Longtime gun writer and TV host Dick Metcalf was dismissed from Guns & Ammo magazine after penning an article for the periodical in which he wrote that the constitutional right to bear arms is subject to regulation, including state-required training for those seeking to carry a concealed handgun.
Mr. Metcalf is the third gun writer in the last several years to lose his job after questioning the need for a strict defense of Second Amendment rights.
The article, featured on the December issue’s final page, saw Mr. Metcalf argue that the Second Amendment is not different from other rights such as freedom of speech, in that it is not absolute. He made a case, one anathema to many in the gun community, that the amendment’s word “well-regulated” allows for laws regulating firearms.
“I bring this up because way too many gun owners still seem to believe that any regulation of the right to keep and bear arms is an infringement. The fact is, all constitutional rights are regulated, always have been, and need to be,” Mr. Metcalf wrote.
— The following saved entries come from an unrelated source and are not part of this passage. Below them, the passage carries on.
text \<open>Bob's measurements: basis e y b (vector of outcome b for setting y), y,b in {0,1}:
  e 0 = (f_1,f_2), e 1 = (g_1,g_2), two mutually unbiased orthonormal bases of C^2.\<close>
definition MUB_pair :: "(nat \<Rightarrow> nat \<Rightarrow> nat \<Rightarrow> complex) \<Rightarrow> bool" where
  "MUB_pair e \<longleftrightarrow>
     (\<forall>y\<in>bits. \<forall>b\<in>bits. \<forall>b'\<in>bits. inner2 (e y b) (e y b') = (if b = b' then 1 else 0)) \<and>
     (\<forall>i\<in>bits. \<forall>j\<in>bits. (cmod (inner2 (e 0 i) (e 1 j)))\<^sup>2 = 1/2)"

definition quantum_box :: "(nat \<Rightarrow> nat \<Rightarrow> nat \<Rightarrow> complex) \<Rightarrow> box \<Rightarrow> bool" where
  "quantum_box e P \<longleftrightarrow> (\<exists>d>0. \<exists>\<rho> M.
     density_on (joint_idx d) \<rho> \<and> (\<forall>x\<in>bits. povm2 d (M x)) \<and>
     (\<forall>a\<in>bits. \<forall>b\<in>bits. \<forall>x\<in>bits. \<forall>y\<in>bits.
        P a b x y = Re (mtrace {..<2} (mmult {..<2} (proj (e y b)) (ptraceA d (M x a) \<rho>)))))"

text \<open>Unsteerable (LHS) boxes, with a finite hidden variable lambda < n.\<close>
definition unsteerable :: "(nat \<Rightarrow> nat \<Rightarrow> nat \<Rightarrow> complex) \<Rightarrow> box \<Rightarrow> bool" where
  "unsteerable e P \<longleftrightarrow> (\<exists>n::nat. \<exists>pl::nat \<Rightarrow> real. \<exists>pa::nat \<Rightarrow> nat \<Rightarrow> nat \<Rightarrow> real.
     \<exists>rl::nat \<Rightarrow> nat \<Rightarrow> nat \<Rightarrow> complex.
     (\<forall>l<n. pl l \<ge> 0) \<and> (\<Sum>l<n. pl l) = 1 \<and>
     (\<forall>l<n. \<forall>x\<in>bits. (\<forall>a\<in>bits. pa l x a \<ge> 0) \<and> pa l x 0 + pa l x 1 = 1) \<and>
     (\<forall>l<n. density_on {..<2} (rl l)) \<and>
     (\<forall>a\<in>bits. \<forall>b\<in>bits. \<forall>x\<in>bits. \<forall>y\<in>bits.
        P a b x y = (\<Sum>l<n. pl l * pa l x a *
                       Re (mtrace {..<2} (mmult {..<2} (proj (e y b)) (rl l))))))"

definition steerable :: "(nat \<Rightarrow> nat \<Rightarrow> nat \<Rightarrow> complex) \<Rightarrow> box \<Rightarrow> bool" where
  "steerable e P \<longleftrightarrow> \<not> unsteerable e P"
(* Let $G$ and $G'$ be isomorphic cographs such that, for each of them, the set of robust modules ordered by reverse inclusion has no least element. Suppose $G=\Sigma C$ and $G'=\Sigma C'$ where $C=(I,\le,\ell)$ and $C'=(I',\le',\ell')$ are reduced labelled chains. Then there are infinite initial segments $W$ of $I$ and $W'$ of $I'$ and an isomorphism of labelled chains from $C_{\restriction W}$ onto $C'_{\restriction W'}$.
   Context: Graphs are undirected and loopless; a cograph is a graph with no induced subgraph isomorphic to the path $P_4$. For a graph $G$ with vertex set $V$, a module is a set $A\subseteq V$ such that for all $a,a'\in A$ and $b\in V\setminus A$, $ab$ is an edge iff $a'b$ is an edge; a module $A$ is strong if every module is either comparable to $A$ under inclusion or disjoint from it; a module is robust if it is a singleton or the intersection of all strong modules containing $\{x,y\}$ for some distinct vertices $x,y$. A labelled chain is $C=(I,\le,\ell)$ with $(I,\le)$ a chain and $\ell(i)=(G_i,r(i))$, $G_i$ a non-empty cograph and $r(i)\in\{0,1\}$. Its sum $\Sigma C$ is the disjoint union of the $G_i$ in which vertices of the same $G_i$ are adjacent as in $G_i$, and $x\in G_i$, $y\in G_j$ with $i<j$ are adjacent iff $r(i)=1$. The direct sum of graphs is their disjoint union with no edges between them; the complete sum is their disjoint union with all edges between distinct summands. $C$ is reduced if $(I,\le)$ is infinite; in every interval of $I$ with at least two elements both values $0$ and $1$ of $r$ occur; if $r(i)=0$ then $G_i$ is not a complete sum of at least two non-empty graphs; if $r(i)=1$ then $G_i$ is not a direct sum of at least two non-empty graphs; and if $i$ is the largest element of $I$ then $G_i$ is a direct sum or a complete sum of at least two single-vertex graphs. For $W\subseteq I$, $C_{\restriction W}=(W,\le,\ell_{\restriction W})$. An isomorphism of labelled chains $(I,\le,\ell)\to(I',\le',\ell')$ is an order isomorphism $h$ such that $G_i$ is isomorphic to $G'_{h(i)}$ and $r(i)=r'(h(i))$ for all $i$. *)

theory Defs
  imports Main
begin
theorem lemma4p2:
  fixes f :: "complex \<Rightarrow> complex" and \<eta> \<tau> \<Lambda> v lam :: complex
    and J i1 j1 i2 j2 :: nat and K :: "int list"
  assumes tau: "Im \<tau> > 0"
    and f_choice: "f = theta_fn \<tau> \<or> f = sin_fn"
    and generic_eta: "f (2 * \<eta>) \<noteq> 0"
    and generic_v: "\<forall>m::int. f (\<eta> * \<Lambda> - v - 2 * \<eta> * of_int m) \<noteq> 0"
    and generic_lambda: "\<forall>m::int. f (lam + 2 * \<eta> * of_int m) \<noteq> 0"
    and J_pos: "J > 0"
    and j2_le: "j2 \<le> J"
    and K: "K \<in> bits J (int j2)"
  shows "WfusedK f \<eta> \<Lambda> J (int i1) (int j1) (int i2) K v lam =
    (\<Sum>k=0..J.
       Wfused f \<eta> \<Lambda> j2 (int i1) (int k) (int i1 + int k - int j2) (int j2) v
          (lam - 2 * \<eta> * (of_nat J - 2 * of_nat j1 - of_nat j2 + 2 * of_nat k))
     * Wfused f \<eta> \<Lambda> (J - j2) (int i1 + int k - int j2) (int j1 - int k) (int i2) 0
          (v + 2 * \<eta> * of_nat j2) lam)"
proof -
  obtain \<alpha> \<beta> where "\<And>x. f (- x) = - f x" and "\<And>x y. f (x + y) * f (x - y) = \<alpha> x * \<beta> y - \<beta> x * \<alpha> y"
    using theta_or_sin_odd_with_addition_formula[OF tau f_choice] by blast
  with generic_eta interpret exchange_weights f \<eta> \<Lambda> \<alpha> \<beta>
    by unfold_locales
  have "regular_spectral v" "regular_dynamical lam"
    using generic_v generic_lambda by (simp_all add: regular_spectral_def regular_dynamical_def)
  then show ?thesis
    using fused_weight_factorization j2_le K by blast
qed

end
lemma approximable_UN:
  fixes A :: "nat \<Rightarrow> ((int ^ 'd) \<Rightarrow> 'u) set"
  assumes A: "range A \<subseteq> events" and approx: "\<And>i. approximable (A i)"
  shows "approximable (\<Union>i. A i)"
  unfolding approximable_def
proof (intro allI impI)
  fix \<epsilon> :: real assume "\<epsilon> > 0"
  define U where "U N = (\<Union>i<N. A i)" for N
  have U: "U N \<in> events" for N using A unfolding U_def by auto
  have "(\<lambda>N. prob (U N)) \<longlonglongrightarrow> prob (\<Union>N. U N)"
    using U by (intro finite_Lim_measure_incseq) (auto simp: incseq_def U_def intro: less_le_trans)
  moreover have "(\<Union>N. U N) = (\<Union>i. A i)" by (auto simp: U_def)
  ultimately have "(\<lambda>N. prob (U N)) \<longlonglongrightarrow> prob (\<Union>i. A i)" by simp
  from order_tendstoD(1)[OF this, of "prob (\<Union>i. A i) - \<epsilon>/2"] \<open>\<epsilon> > 0\<close>
  obtain N where N: "prob (\<Union>i. A i) - \<epsilon>/2 < prob (U N)"
    by (auto simp: eventually_sequentially)
  obtain J B' where J: "finite J" "B' \<in> sigma_coords Y J" and B': "prob (sym_diff (U N) B') < \<epsilon>/2"
    using approximable_UN_lessThan[OF A approx, of N] \<open>\<epsilon> > 0\<close> unfolding approximable_def U_def
    by (meson half_gt_zero)
  have AU: "(\<Union>i. A i) \<in> events" using A by auto
  have "prob (sym_diff (\<Union>i. A i) (U N)) = prob (\<Union>i. A i) - prob (U N)"
    using AU U by (subst finite_measure_Diff[symmetric]) (auto simp: U_def intro!: arg_cong[where f = prob])
  then have "prob (sym_diff (\<Union>i. A i) B') < \<epsilon>"
    using measure_sym_diff_triangle[OF AU U[of N] sigma_coords_events[THEN subsetD, OF J(2)]] N B' by linarith
  with J show "\<exists>J B'. finite J \<and> B' \<in> sigma_coords Y J \<and> prob (sym_diff (\<Union>i. A i) B') < \<epsilon>"
    by blast
qed

lemma approximable_events:
  assumes "B \<in> events"
  shows "approximable B"
proof -
  have "B \<in> sigma_sets (space P) {{f \<in> space P. f i \<in> A} | i A. A \<in> sets Y}"
    using assms sets_P space_P unfolding config_space_def by (simp add: sets_PiM_single space_PiM)
  then show ?thesis
  proof (induction rule: sigma_sets.induct)
    case (Basic B)
    then obtain i A where B: "B = {f \<in> space P. f i \<in> A}" and A: "A \<in> sets Y" by auto
    then have "B \<in> coord_events Y {i}" unfolding coord_events_def space_P by auto
    then have "B \<in> sigma_coords Y {i}" unfolding sigma_coords_eq by (rule sigma_sets.Basic)
    then show ?case by (auto simp: approximable_def intro!: exI[of _ "{i}"] exI[of _ B])
  next
    case Empty
    have "{} \<in> sigma_coords Y {}" by (simp add: sigma_coords_eq sigma_sets.Empty)
    then show ?case by (auto simp: approximable_def intro!: exI[of _ "{}"])
  next
    case (Compl B)
    then show ?case
      using sets_P space_P unfolding config_space_def
      by (intro approximable_compl) (auto simp: sets_PiM_single space_PiM)
  next
    case (Union A)
    then show ?case
      using sets_P space_P unfolding config_space_def
      by (intro approximable_UN) (auto simp: sets_PiM_single space_PiM)
  qed
qed

definition coord_algebra :: "(int ^ 'd) set \<Rightarrow> ((int ^ 'd) \<Rightarrow> 'u) measure" where
  "coord_algebra J = sigma (space P) (coord_events Y J)"

lemma sets_coord_algebra: "sets (coord_algebra J) = sigma_coords Y J"
  unfolding coord_algebra_def sigma_coords_eq space_P
  by (rule sets_measure_of) (use coord_events_subset sets.sets_into_space in blast)

lemma subalgebra_coord_algebra: "subalgebra P (coord_algebra J)"
  unfolding subalgebra_def using sets_coord_algebra sigma_coords_events
  by (simp add: coord_algebra_def space_measure_of_conv)

end
lemma star_star: "star u (star v g) = star (u @ v) g"
proof
  fix w
  consider r where "w = u @ v @ r" | r where "w = u @ r" "\<not> prefix v r" | "\<not> prefix u w"
    by (metis prefixE prefixI)
  then show "star u (star v g) w = star (u @ v) g w"
  proof cases
    case (1 r)
    then show ?thesis using star_append[of "u @ v" g r] by simp
  next
    case (3)
    then have "\<not> prefix (u @ v) w" using append_prefixD by blast
    with 3 show ?thesis by (simp add: star_not_prefix)
  qed (simp add: star_not_prefix)
qed

lemma tree_aut_star:
  assumes "tree_aut g" shows "tree_aut (star v g)"
  unfolding tree_aut_def
proof (intro conjI allI)
  have "star v g \<circ> star v (fun_inv g) = id" "star v (fun_inv g) \<circ> star v g = id"
    using assms by (simp_all add: star_comp star_id tree_aut_comp_fun_inv inv_o_cancel
        bij_is_inj tree_aut_bij)
  then show "bij (star v g)" using o_bij by blast
  show "star v g [] = []" using assms by (cases v) (auto simp: star_def tree_aut_def)
  fix u x
  show "\<exists>y. star v g (u @ [x]) = star v g u @ [y]"
  proof (cases "prefix v u")
    case True
    then obtain r where u: "u = v @ r" by (auto elim: prefixE)
    obtain y where "g (r @ [x]) = g r @ [y]" using assms unfolding tree_aut_def by blast
    then show ?thesis by (simp add: u)
  next
    case False
    then show ?thesis
      using assms star_append[of "u @ [x]" g "[]"] by (cases "v = u @ [x]") (auto simp: star_not_prefix tree_aut_def)
  qed
qed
Word spread quickly in the online gun community, with the displeasure of thousands of gun owners and activists being made clear. Social media and online forums were alight with calls for Guns & Ammo to fire Mr. Metcalf, or for boycotts of the magazine and its advertisers.
On Wednesday night, Guns & Ammo dismissed Mr. Metcalf and the editor who approved the column accelerated his plans to step down from his post.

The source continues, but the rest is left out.